Compensating the subject for participating in the story creates a new ethical concern — compromising the integrity of the story, real or perceived — and therefore communications policies typically forbid compensation.
(It is worth noting that it is common practice to compensate someone for a personal story used in marketing material as a testimonial or endorsement, such as the customer of a product or service.)
By definition, there is a power imbalance between the subject and the narrator (organization): the organization has staff, funding, and status where the subject typically does not. The power imbalance cannot be corrected, however it can be reduced by increasing the subject’s power in the storytelling process through support.

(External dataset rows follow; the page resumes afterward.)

lemma interlacing_roots_bounds:
  assumes "interlacing_roots a b p q n r s"
  shows "i \<le> n \<Longrightarrow> a < s i \<and> s i < b" and "j < n \<Longrightarrow> a < r j \<and> r j < b"
proof -
  have ends: "a < s 0" "s n < b"
    using assms by (simp_all add: interlacing_roots_def)
  have s_mono: "strict_mono_on {..<Suc n} s"
    using interlacing_roots_strict_mono_on(2)[OF assms] .
  show s_bounds: "a < s i \<and> s i < b" if "i \<le> n" for i
    using ends strict_mono_on_less_eq[OF s_mono, of 0 i] strict_mono_on_less_eq[OF s_mono, of i n] that
    by auto
  show "a < r j \<and> r j < b" if "j < n"
    using s_bounds[of j] s_bounds[of "Suc j"] assms that by (force simp: interlacing_roots_def)
qed

lemma interlacing_roots_card:
  assumes "interlacing_roots a b p q n r s"
  shows "card (r ` {..<n}) = n" "card (s ` {..<Suc n}) = Suc n"
  using strict_mono_on_imp_inj_on[OF interlacing_roots_strict_mono_on(1)[OF assms]]
    strict_mono_on_imp_inj_on[OF interlacing_roots_strict_mono_on(2)[OF assms]]
  by (simp_all add: card_image)
lemma edge_fixer_mult:
  assumes s: "s = 4" and N: "\<And>y. E v y \<longleftrightarrow> y = u \<or> y = a \<or> y = a'" "a \<noteq> a'" "a \<noteq> u" "a' \<noteq> u"
    and k: "edge_fixer v u k" and k2: "edge_fixer v a k2"
  shows "edge_fixer v a' (k \<cdot> k2)"
proof -
  have vu: "E v u" and va: "E v a" "E v a'" using N by auto
  have kG: "k \<in> G" and k2G: "k2 \<in> G" using k k2 by (auto simp: edge_fixer_def)
  have kk2_apply: "(k \<cdot> k2) y = k (k2 y)" if "y \<in> V" for y using G_mult_apply[OF kG k2G that] .
  have fix_v: "(k \<cdot> k2) y = y" if "E v y" for y
    using that kk2_apply[of y] adj_in_V k2 k by (auto simp: edge_fixer_def)
  obtain e e' where Na': "\<And>y. E a' y \<longleftrightarrow> y = v \<or> y = e \<or> y = e'"
    and de: "e \<noteq> e'" "e \<noteq> v" "e' \<noteq> v"
    using neighbourhood_split[OF adj_sym[OF va(2)]] by blast
  have "k2 e = e' \<and> k2 e' = e" using edge_fixer_swaps[OF s va(1) k2 va(2) N(2)[symmetric] Na' de] .
  moreover have "k e = e' \<and> k e' = e" using edge_fixer_swaps[OF s vu k va(2) N(4) Na' de] .
  moreover have "k2 v = v" "k v = v" using k2 k va(1) vu adj_sym by (auto simp: edge_fixer_def)
  moreover have "e \<in> V" "e' \<in> V" "v \<in> V" using Na' adj_in_V by auto
  ultimately have fix_a': "(k \<cdot> k2) y = y" if "E a' y" for y using Na'[of y] that kk2_apply by auto
  obtain b where b: "E u b" "b \<noteq> v" using other_neighbour[OF adj_sym[OF vu]] by blast
  have "k2 b \<noteq> b" using edge_fixer_moves[OF s va(1) k2 vu N(3)[symmetric] b] .
  moreover have "k (k2 b) = k2 b"
    using G_adj[OF k2G b(1)] k2 k vu by (simp add: edge_fixer_def)
  ultimately have "(k \<cdot> k2) b \<noteq> b" using kk2_apply adj_in_V[OF b(1)] by simp
  then have "k \<cdot> k2 \<noteq> one_G" using BijGroup_one_apply adj_in_V[OF b(1)] by metis
  then show ?thesis using G_mult[OF kG k2G] fix_v fix_a' by (simp add: edge_fixer_def)
qed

While the right to privacy protects someone’s right not to tell their story, narrative agency protects their right to determine it. Personal agency is critical for story subjects, but ethical practice becomes more complex when a subject wants to tell a personal story that could be used weaponized against them. For example, a story about an undocumented immigrant could result in targeting by immigration authorities. Freedom of the press does not extend to communicators: where do personal agency and organizational responsibility meet?
Personal identity is constructed from the stories we tell ourselves — and are told. Someone’s identity can be impacted by stories told about them by others — including organizations — impacting both how others see them and how they see themselves.
When a personal story includes traumatic events, an additional responsibility of care is assumed by the narrator to minimize harm from possible retraumatization.
Truth and stories have a controversial relationship: historically, stories and nonfiction did not mix, however the separation has been dissolving since the rise of narrative journalism, narrative nonfiction and now social media.
The tension sits at the intersection of representation and verification: da story represents a personal experience, and a personal experience is impossible to verify. At this junction the controversy feeds itself: no-one can dispute someone’s experience — because it’s unknowable by anyone else — yet it cannot be verified either.
Modeling & Simulation has encountered a similar ethical issue with the truth of a model; in this field, the issue is resolved by categorizing a model as a representation — a thing with no relationship to truth. The famous quote “all models are false, but some are useful” helpfully shifts the question from “is it true?” to “is it a useful representation?”
We can never know definitively if the story someone tells aligns perfectly with their internal experience — and, people eventually begin experiencing the same difficulty with their own stories as memory is infamously unreliable.
Some impact storytelling has been criticized for reducing multi-dimensional people into two-dimensional characters, in service of a story. However, the very nature of representation is reduction; by representing stories as truth we create an ethical issue rather than solving one.
Storytelling is the most powerful tool we have for sharing human experience.
“It’s just a story” is something said to minimize the value of the meaning of a story.
Modeling & Simulation takes on greater responsibility for the meaning created by representations by acknowledging that modeling is by nature biased, and that they are created to help people make decisions.
It is impossible to anticipate all possible future impacts of personal storytelling. Therefore, it is important to consider possible negative impacts that can be anticipated — as well as those that cannot (for example “I might regret telling this story in the future for reasons I have no way to predict today, such as future personal circumstances that I have no reason to anticipate”).
Hearing and retelling stories that include suffering — in particular violence and trauma - can have an impact on communicators’ mental and emotional health. Typically, communicators do not receive support from employers to counter these effects, however it should be considered.